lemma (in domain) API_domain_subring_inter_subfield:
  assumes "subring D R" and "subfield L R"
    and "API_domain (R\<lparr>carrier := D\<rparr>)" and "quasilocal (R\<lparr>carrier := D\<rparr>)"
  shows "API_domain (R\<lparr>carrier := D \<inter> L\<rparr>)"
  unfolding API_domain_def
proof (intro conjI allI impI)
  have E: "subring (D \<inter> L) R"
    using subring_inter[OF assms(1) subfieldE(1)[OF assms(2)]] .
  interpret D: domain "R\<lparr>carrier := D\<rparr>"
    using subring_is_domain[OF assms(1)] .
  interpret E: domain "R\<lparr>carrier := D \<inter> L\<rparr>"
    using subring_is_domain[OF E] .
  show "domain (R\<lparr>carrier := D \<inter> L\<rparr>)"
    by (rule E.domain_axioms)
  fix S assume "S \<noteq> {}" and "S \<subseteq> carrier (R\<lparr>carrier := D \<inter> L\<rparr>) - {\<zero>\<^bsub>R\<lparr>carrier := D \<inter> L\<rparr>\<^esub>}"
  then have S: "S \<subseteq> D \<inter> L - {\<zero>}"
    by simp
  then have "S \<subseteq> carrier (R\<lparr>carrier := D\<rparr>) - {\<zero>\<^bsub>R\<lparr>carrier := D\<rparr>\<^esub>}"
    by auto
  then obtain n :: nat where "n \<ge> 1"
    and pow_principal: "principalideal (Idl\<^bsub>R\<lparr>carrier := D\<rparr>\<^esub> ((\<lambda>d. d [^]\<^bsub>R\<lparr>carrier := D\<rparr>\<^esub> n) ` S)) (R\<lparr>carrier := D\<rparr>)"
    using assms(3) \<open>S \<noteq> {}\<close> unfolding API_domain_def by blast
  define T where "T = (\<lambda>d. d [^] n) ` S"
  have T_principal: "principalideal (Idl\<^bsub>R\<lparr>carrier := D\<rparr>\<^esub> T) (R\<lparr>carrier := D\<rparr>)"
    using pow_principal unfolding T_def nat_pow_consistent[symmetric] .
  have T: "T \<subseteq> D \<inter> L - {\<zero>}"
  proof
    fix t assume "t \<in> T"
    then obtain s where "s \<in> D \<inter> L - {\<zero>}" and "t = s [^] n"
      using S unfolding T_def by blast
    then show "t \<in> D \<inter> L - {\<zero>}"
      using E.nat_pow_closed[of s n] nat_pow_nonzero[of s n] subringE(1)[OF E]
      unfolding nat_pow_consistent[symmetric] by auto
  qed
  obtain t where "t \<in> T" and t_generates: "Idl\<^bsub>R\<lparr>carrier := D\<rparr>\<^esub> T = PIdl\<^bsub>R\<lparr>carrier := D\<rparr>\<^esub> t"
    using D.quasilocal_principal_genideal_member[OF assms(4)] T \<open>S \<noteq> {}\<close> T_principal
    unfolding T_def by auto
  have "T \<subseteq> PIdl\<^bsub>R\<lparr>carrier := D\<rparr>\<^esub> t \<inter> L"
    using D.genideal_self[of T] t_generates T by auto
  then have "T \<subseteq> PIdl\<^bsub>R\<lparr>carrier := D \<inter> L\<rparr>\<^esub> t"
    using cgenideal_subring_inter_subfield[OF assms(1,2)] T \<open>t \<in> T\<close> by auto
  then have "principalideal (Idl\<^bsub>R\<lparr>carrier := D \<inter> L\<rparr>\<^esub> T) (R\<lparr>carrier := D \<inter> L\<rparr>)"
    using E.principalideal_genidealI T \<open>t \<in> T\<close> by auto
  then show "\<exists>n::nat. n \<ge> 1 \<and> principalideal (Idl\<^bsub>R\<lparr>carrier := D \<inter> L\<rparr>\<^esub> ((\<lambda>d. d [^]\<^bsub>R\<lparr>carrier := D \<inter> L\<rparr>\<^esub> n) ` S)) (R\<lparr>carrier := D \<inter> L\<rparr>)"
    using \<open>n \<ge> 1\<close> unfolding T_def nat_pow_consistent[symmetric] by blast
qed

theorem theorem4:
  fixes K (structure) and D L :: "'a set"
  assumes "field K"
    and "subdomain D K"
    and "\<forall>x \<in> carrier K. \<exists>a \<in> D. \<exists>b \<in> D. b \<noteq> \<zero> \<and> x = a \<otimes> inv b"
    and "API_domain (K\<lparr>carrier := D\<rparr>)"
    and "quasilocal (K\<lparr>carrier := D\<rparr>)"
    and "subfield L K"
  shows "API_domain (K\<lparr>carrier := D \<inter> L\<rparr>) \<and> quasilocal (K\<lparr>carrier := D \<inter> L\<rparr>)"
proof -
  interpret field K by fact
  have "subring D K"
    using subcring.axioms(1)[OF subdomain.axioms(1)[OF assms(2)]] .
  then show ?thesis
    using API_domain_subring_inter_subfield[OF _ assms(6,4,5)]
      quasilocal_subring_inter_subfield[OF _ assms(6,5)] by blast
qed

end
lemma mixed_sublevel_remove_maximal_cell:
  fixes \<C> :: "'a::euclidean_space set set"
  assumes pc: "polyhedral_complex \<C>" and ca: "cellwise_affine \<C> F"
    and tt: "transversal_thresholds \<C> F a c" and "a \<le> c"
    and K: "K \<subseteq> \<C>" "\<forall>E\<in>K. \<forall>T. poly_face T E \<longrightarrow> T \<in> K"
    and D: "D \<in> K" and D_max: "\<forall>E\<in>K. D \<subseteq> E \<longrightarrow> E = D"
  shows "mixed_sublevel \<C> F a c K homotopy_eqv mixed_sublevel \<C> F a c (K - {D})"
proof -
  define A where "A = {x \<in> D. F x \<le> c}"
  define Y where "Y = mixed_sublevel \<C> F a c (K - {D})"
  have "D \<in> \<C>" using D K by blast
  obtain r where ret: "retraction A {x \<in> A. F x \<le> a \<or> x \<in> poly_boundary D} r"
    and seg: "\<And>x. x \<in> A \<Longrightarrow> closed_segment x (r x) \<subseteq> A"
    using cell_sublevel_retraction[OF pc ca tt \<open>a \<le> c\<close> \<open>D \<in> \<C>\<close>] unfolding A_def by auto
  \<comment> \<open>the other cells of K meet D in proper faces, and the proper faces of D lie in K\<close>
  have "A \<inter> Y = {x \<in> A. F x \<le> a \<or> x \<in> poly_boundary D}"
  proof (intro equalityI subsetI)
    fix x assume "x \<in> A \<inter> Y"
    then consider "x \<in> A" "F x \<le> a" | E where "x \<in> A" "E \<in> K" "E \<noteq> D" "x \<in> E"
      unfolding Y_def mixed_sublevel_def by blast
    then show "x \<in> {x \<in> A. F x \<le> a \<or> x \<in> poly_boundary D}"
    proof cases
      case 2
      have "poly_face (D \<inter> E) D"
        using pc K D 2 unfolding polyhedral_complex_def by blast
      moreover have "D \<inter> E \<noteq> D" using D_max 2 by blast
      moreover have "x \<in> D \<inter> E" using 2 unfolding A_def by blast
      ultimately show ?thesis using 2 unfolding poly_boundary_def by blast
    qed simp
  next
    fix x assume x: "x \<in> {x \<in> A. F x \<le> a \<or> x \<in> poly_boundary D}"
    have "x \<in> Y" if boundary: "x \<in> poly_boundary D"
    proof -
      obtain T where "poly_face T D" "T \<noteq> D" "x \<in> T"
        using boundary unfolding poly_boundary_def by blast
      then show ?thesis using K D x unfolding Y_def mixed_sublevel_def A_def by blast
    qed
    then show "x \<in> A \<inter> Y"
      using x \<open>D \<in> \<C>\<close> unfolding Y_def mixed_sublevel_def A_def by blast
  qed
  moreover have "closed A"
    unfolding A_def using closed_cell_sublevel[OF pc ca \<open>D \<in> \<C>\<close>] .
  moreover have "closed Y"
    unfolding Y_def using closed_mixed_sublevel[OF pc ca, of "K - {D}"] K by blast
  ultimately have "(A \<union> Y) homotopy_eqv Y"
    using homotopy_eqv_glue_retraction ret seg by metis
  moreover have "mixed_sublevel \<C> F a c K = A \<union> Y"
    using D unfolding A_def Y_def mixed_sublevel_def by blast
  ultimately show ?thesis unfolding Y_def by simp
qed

◇ ◇ ◇ ◇ ◇

Gather all lines of the records that include the word "define".

  define T where "T = (\<lambda>d. d [^] n) ` S"
  define A where "A = {x \<in> D. F x \<le> c}"
  define Y where "Y = mixed_sublevel \<C> F a c (K - {D})"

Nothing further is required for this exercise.